Thirteen percent of the participants (197) said that they had been previously diagnosed with COVID-19. Nineteen percent (287) indicated that they had contacted a person who needed hospital care because of a COVID-19 infection. Slightly more than 83% (1,283) scored their overall health status as very good or good. Sixty-four percent of the participants (982) ranked the personal threat from a coronavirus infection for their health as ‘small’ or ‘very small’. Forty-one percent (636) indicated that they would vote either for the ‘Freedom Party of Austria (FPÖ)’ (23%) or ‘People, Freedom, Fundamental Rights (MFG)’ (18%) if national council elections would take place on the coming weekend. Both political parties are sceptic towards measures implemented by the Austrian government to contain the pandemic and are also against the (later) announced vaccine mandate. Another 40% (614) indicated that they would either vote invalid nor did not want to specify.

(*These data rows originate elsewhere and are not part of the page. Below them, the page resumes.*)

lemma ssm_state_change_of_basis:
  assumes A: "A \<in> carrier_mat d d" and B: "B \<in> carrier_vec d"
    and T: "T \<in> carrier_mat d d" and T': "T' \<in> carrier_mat d d" and TT': "T * T' = 1\<^sub>m d"
  shows "ssm_state (T' * A * T) (T' *\<^sub>v B) u k = T' *\<^sub>v ssm_state A B u k"
proof (induction k)
  case 0
  show ?case
    using A T T' by (intro eq_vecI) auto
next
  case (Suc k)
  let ?x = "ssm_state A B u k"
  have x: "?x \<in> carrier_vec d"
    using A B by (rule ssm_state_carrier)
  have "(T' * A * T) *\<^sub>v (T' *\<^sub>v ?x) = (T' * A) *\<^sub>v (T *\<^sub>v (T' *\<^sub>v ?x))"
    using A T T' x by (intro assoc_mult_mat_vec) auto
  also have "T *\<^sub>v (T' *\<^sub>v ?x) = ?x"
    using T T' TT' x by (simp flip: assoc_mult_mat_vec[of T d d T' d ?x])
  also have "(T' * A) *\<^sub>v ?x = T' *\<^sub>v (A *\<^sub>v ?x)"
    using T' A x by (rule assoc_mult_mat_vec)
  finally have "(T' * A * T) *\<^sub>v (T' *\<^sub>v ?x) = T' *\<^sub>v (A *\<^sub>v ?x)" .
  then show ?case
    using Suc A B T' x by (simp add: mult_add_distrib_mat_vec[of T' d d] mult_mat_vec[of T' d d])
qed

lemma ssm_out_change_of_basis:
  assumes A: "A \<in> carrier_mat d d" and B: "B \<in> carrier_vec d" and C: "C \<in> carrier_vec d"
    and T: "T \<in> carrier_mat d d" and T': "T' \<in> carrier_mat d d" and TT': "T * T' = 1\<^sub>m d"
  shows "ssm_out (T' * A * T) (T' *\<^sub>v B) (transpose_mat T *\<^sub>v C) D u k = ssm_out A B C D u k"
proof -
  let ?x = "ssm_state A B u k"
  have x: "?x \<in> carrier_vec d"
    using A B by (rule ssm_state_carrier)
  have "(transpose_mat T *\<^sub>v C) \<bullet> (T' *\<^sub>v ?x) = C \<bullet> (T *\<^sub>v (T' *\<^sub>v ?x))"
    using T T' C x by (simp add: transpose_vec_mult_scalar[of T d d])
  also have "T *\<^sub>v (T' *\<^sub>v ?x) = ?x"
    using T T' TT' x by (simp flip: assoc_mult_mat_vec[of T d d T' d ?x])
  finally show ?thesis
    unfolding ssm_out_def ssm_state_change_of_basis[OF A B T T' TT'] by simp
qed
lemma has_integral_schloemilch_gaussian:
  assumes a: "0 < a" and b: "0 < b"
  shows "((\<lambda>t. (sqrt a / (2 * sqrt t) + sqrt b / (2 * t * sqrt t)) * exp (- (schloemilch_map a b t)\<^sup>2))
           has_integral sqrt pi) {0<..}"
proof -
  have "(\<lambda>u::real. exp (- u\<^sup>2)) absolutely_integrable_on UNIV \<and>
      integral UNIV (\<lambda>u::real. exp (- u\<^sup>2)) = sqrt pi"
    using has_integral_exp_minus_sq
    by (auto simp: absolutely_integrable_on_iff_nonneg integral_unique intro: has_integral_integrable)
  then have "(\<lambda>t. \<bar>sqrt a / (2 * sqrt t) + sqrt b / (2 * t * sqrt t)\<bar> * exp (- (schloemilch_map a b t)\<^sup>2))
      absolutely_integrable_on {0<..} \<and>
    integral {0<..} (\<lambda>t. \<bar>sqrt a / (2 * sqrt t) + sqrt b / (2 * t * sqrt t)\<bar>
      * exp (- (schloemilch_map a b t)\<^sup>2)) = sqrt pi"
    using schloemilch_map_has_field_derivative
      strict_mono_on_imp_inj_on[OF strict_mono_on_schloemilch_map[OF a b]] schloemilch_map_image[OF a b]
    by (subst has_absolute_integral_change_of_variables_1') auto
  then have "((\<lambda>t. \<bar>sqrt a / (2 * sqrt t) + sqrt b / (2 * t * sqrt t)\<bar> * exp (- (schloemilch_map a b t)\<^sup>2))
      has_integral sqrt pi) {0<..}"
    by (auto simp: has_integral_integrable_integral absolutely_integrable_on_def)
  then show ?thesis
    by (rule has_integral_cong[THEN iffD1, rotated]) (use a b in auto)
qed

Conjoint experiments 1 and 2
The results of the conjoint experiments are shown in Figure 1. In experiment 1, both in terms of preference for a vignette and the behavioral intention to become vaccinated, the strongest effects were observed for legal rules modifications (Figure 1 – A and B). Specifically, we found that the unvaccinated most strongly preferred scenarios that imply fewer societal restrictions for them, and they also reported higher levels of vaccination readiness under these conditions. Incentives and ‘information interventions’ (e.g., reasons to become vaccinated and recommending source) showed weaker effects. Among the incentives, offering a fixed monetary reward had a more positive effect than a vaccination lottery on both preferences and vaccination readiness. Offering the vaccine free of charge was also preferred, but with no significant impact on behavioral intentions. Regarding vaccine communication, the unvaccinated showed a significant preference for physicians’ recommendations compared to those by the Federal Government or celebrities. Messages with reasons to get vaccinated showed no significant effect on either outcome measure.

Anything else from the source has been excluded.